Steps can save and reuse values:

```python
(
    Flow(group="Docs")
    .step(read_claims, save_as="raw_df")
    .step(clean_claims, use="raw_df", save_as="clean_df")
    .step(write_output, use="clean_df")
)
```

- `use="name"` loads `context.objects["name"]` into `context.current`
- `save_as="name"` stores the returned value into `context.objects["name"]`

In notebooks, those saved names are also the easiest way to inspect intermediates:

```python
build().preview(use="clean_df").head(10)
```

This is one of the most useful parts of the authoring model:

- `current` gives you the current object in the pipeline
- `objects` gives you stable named waypoints

That makes it easy to structure flows around a few explicit intermediate states and readable named waypoints.

## Batch mapping

`collect(...)` and `map(...)` are the batch-oriented authoring tools.

```python
def read_claims(file_ref):
    return pl.read_excel(file_ref.path)


def combine_claims(context):
    return pl.concat(context.current, how="vertical_relaxed")


flow = (
    Flow(group="Analytics")
    .watch(mode="schedule", run_as="batch", interval="15m", source="../../example_data/Input/claims_flat")
    .collect([".xlsx"], save_as="claim_files")
    .map(read_claims, use="claim_files", save_as="claim_frames")
    .step(combine_claims, use="claim_frames")
)
```

Use `map(...)` when the same callable should run once per batch item. `map(...)` raises immediately when the batch is empty.

Batch mapping is especially useful when you want to:

- read many files into many dataframes
- validate one file at a time
- emit one lightweight record per source item before combining

Use a normal `step(...)` when the callable should reason about the batch as a whole.

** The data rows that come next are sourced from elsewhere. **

lemma act_linear_form:
  fixes L e :: "'a::field_char_0 poly3"
  assumes L: "homog 1 L"
  shows "act L e = cscale (coeff3 L 1 0 0) (pderiv3 1 0 0 e) + cscale (coeff3 L 0 1 0) (pderiv3 0 1 0 e)
    + cscale (coeff3 L 0 0 1) (pderiv3 0 0 1 e)"
proof -
  have "a + b + c \<noteq> 1 \<Longrightarrow> coeff3 L a b c = 0" for a b c using L unfolding homog_def by blast
  then show ?thesis by (simp add: act_box[OF coeff3_bounded_homog[OF L]] atMost_Suc algebra_simps)
qed

text \<open>\<open>u\<close> and \<open>v\<close> are two of the partial derivatives which together with \<open>\<ell>\<close> span \<open>S\<^sub>1\<close>.\<close>

locale complementary_derivations =
  fixes L :: "'a::field_char_0 poly3" and u v :: "'a poly3 \<Rightarrow> 'a poly3"
  assumes homog_L: "homog 1 L"
    and linear_u: "Vector_Spaces.linear cscale cscale u"
    and linear_v: "Vector_Spaces.linear cscale cscale v"
    and commute_uv: "\<And>x. u (v x) = v (u x)"
    and act_L_u: "\<And>x. act L (u x) = u (act L x)"
    and act_L_v: "\<And>x. act L (v x) = v (act L x)"
    and homog_u: "\<And>n x. homog n x \<Longrightarrow> homog (n - 1) (u x)"
    and homog_v: "\<And>n x. homog n x \<Longrightarrow> homog (n - 1) (v x)"
    and eq_0_if_killed:
      "\<And>n x. homog n x \<Longrightarrow> n \<ge> 1 \<Longrightarrow> act L x = 0 \<Longrightarrow> u x = 0 \<Longrightarrow> v x = 0 \<Longrightarrow> x = 0"
    and u_derivs: "\<And>H k G. H \<in> derivs k G \<Longrightarrow> u H \<in> derivs (Suc k) G"
    and v_derivs: "\<And>H k G. H \<in> derivs k G \<Longrightarrow> v H \<in> derivs (Suc k) G"
definition simplicial_complex :: "'a set set \<Rightarrow> bool" where
  "simplicial_complex \<Gamma> \<longleftrightarrow> finite \<Gamma> \<and> (\<forall>F\<in>\<Gamma>. finite F) \<and>
     (\<forall>F\<in>\<Gamma>. \<forall>G. G \<subseteq> F \<longrightarrow> G \<in> \<Gamma>)"

definition vertices :: "'a set set \<Rightarrow> 'a set" where
  "vertices \<Gamma> = \<Union>\<Gamma>"

text \<open>Dimension = max card of a face minus 1; "two-dimensional" = max face size 3.\<close>
definition two_dimensional :: "'a set set \<Rightarrow> bool" where
  "two_dimensional \<Gamma> \<longleftrightarrow> (\<forall>F\<in>\<Gamma>. card F \<le> 3) \<and> (\<exists>F\<in>\<Gamma>. card F = 3)"

definition balanced2 :: "'a set set \<Rightarrow> bool" where
  "balanced2 \<Gamma> \<longleftrightarrow> (\<exists>V1 V2 V3. V1 \<union> V2 \<union> V3 = vertices \<Gamma> \<and>
     V1 \<inter> V2 = {} \<and> V1 \<inter> V3 = {} \<and> V2 \<inter> V3 = {} \<and>
     (\<forall>F\<in>\<Gamma>. card (F \<inter> V1) \<le> 1 \<and> card (F \<inter> V2) \<le> 1 \<and> card (F \<inter> V3) \<le> 1))"

definition induced :: "'a set set \<Rightarrow> 'a set \<Rightarrow> 'a set set" where
  "induced \<Gamma> W = {F \<in> \<Gamma>. F \<subseteq> W}"

definition f2 :: "'a set set \<Rightarrow> nat" where
  "f2 \<Gamma> = card {F \<in> \<Gamma>. card F = 3}"

text \<open>Faces are oriented by the linear
  order on vertices.
  Faces of dimension -1 (the empty face) are included, so the homology is reduced.\<close>
definition chains :: "'k::field itself \<Rightarrow> 'a set set \<Rightarrow> nat \<Rightarrow> ('a set \<Rightarrow> 'k) set" where
  "chains _ \<Gamma> j = {c. \<forall>F. c F \<noteq> 0 \<longrightarrow> F \<in> \<Gamma> \<and> card F = j + 1}"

## Source and mirror namespaces

The runtime exposes two structured path namespaces:

- `context.source`
- `context.mirror`

Examples:

```python
context.source.path
context.source.with_extension(".json")
context.source.with_suffix(".json")
context.source.file("notes.json")
context.source.namespaced_file("notes.json")
context.source.root_file("lookup.csv")

context.mirror.with_extension(".parquet")
context.mirror.with_suffix(".parquet")
context.mirror.file("open_claims.parquet")
context.mirror.namespaced_file("open_claims.parquet")
context.mirror.root_file("analytics.duckdb")
```

`context.source` resolves read-side paths. `context.mirror` resolves write-ready output paths.

The important difference is:

- `source` is about where the active input lives
- `mirror` is about where outputs for that input should go

That lets you keep path logic readable and source-aware without hand-building relative paths in every step.

Examples of common patterns:

- read a sidecar file beside the current source with `context.source.file("notes.json")`
- write one mirrored parquet beside the source shape with `context.mirror.with_suffix(".parquet")`
- write multiple outputs for the same source with `context.mirror.namespaced_file(...)`
- write a stable root-level artifact such as a snapshot or DuckDB file with `context.mirror.root_file(...)`

## Discovery

The desktop UI and Python entrypoints discover flows from compiled flow modules.

Each discovered flow module contributes:

- a module name
- optional `DESCRIPTION`
- `build() -> Flow`

The flow-module filename/module name is the flow identity surfaced in discovery and execution. The UI uses `Flow.label` when present, otherwise it derives a readable title from that internal name.

That discovered `Flow` object is what the UI inspects for:

- grouping
- step labels
- runtime mode
- source and mirror bindings

The authored `Flow` is the contract the runtime and UI inspect after discovery.

## Workspaces

Flows are discovered from the currently selected authored workspace.

An authored workspace typically contains:

- `flow_modules/`
- `flow_modules/flow_helpers/`
- `config/`
- `databases/`

The desktop app binds to one workspace at a time. When the selected workspace changes, the app reloads:

- discovered flows
- local runtime state
- daemon control state
- visible runs and logs

For the control and state model behind that, see [App Runtime and Workspaces](app-runtime-and-workspaces.md).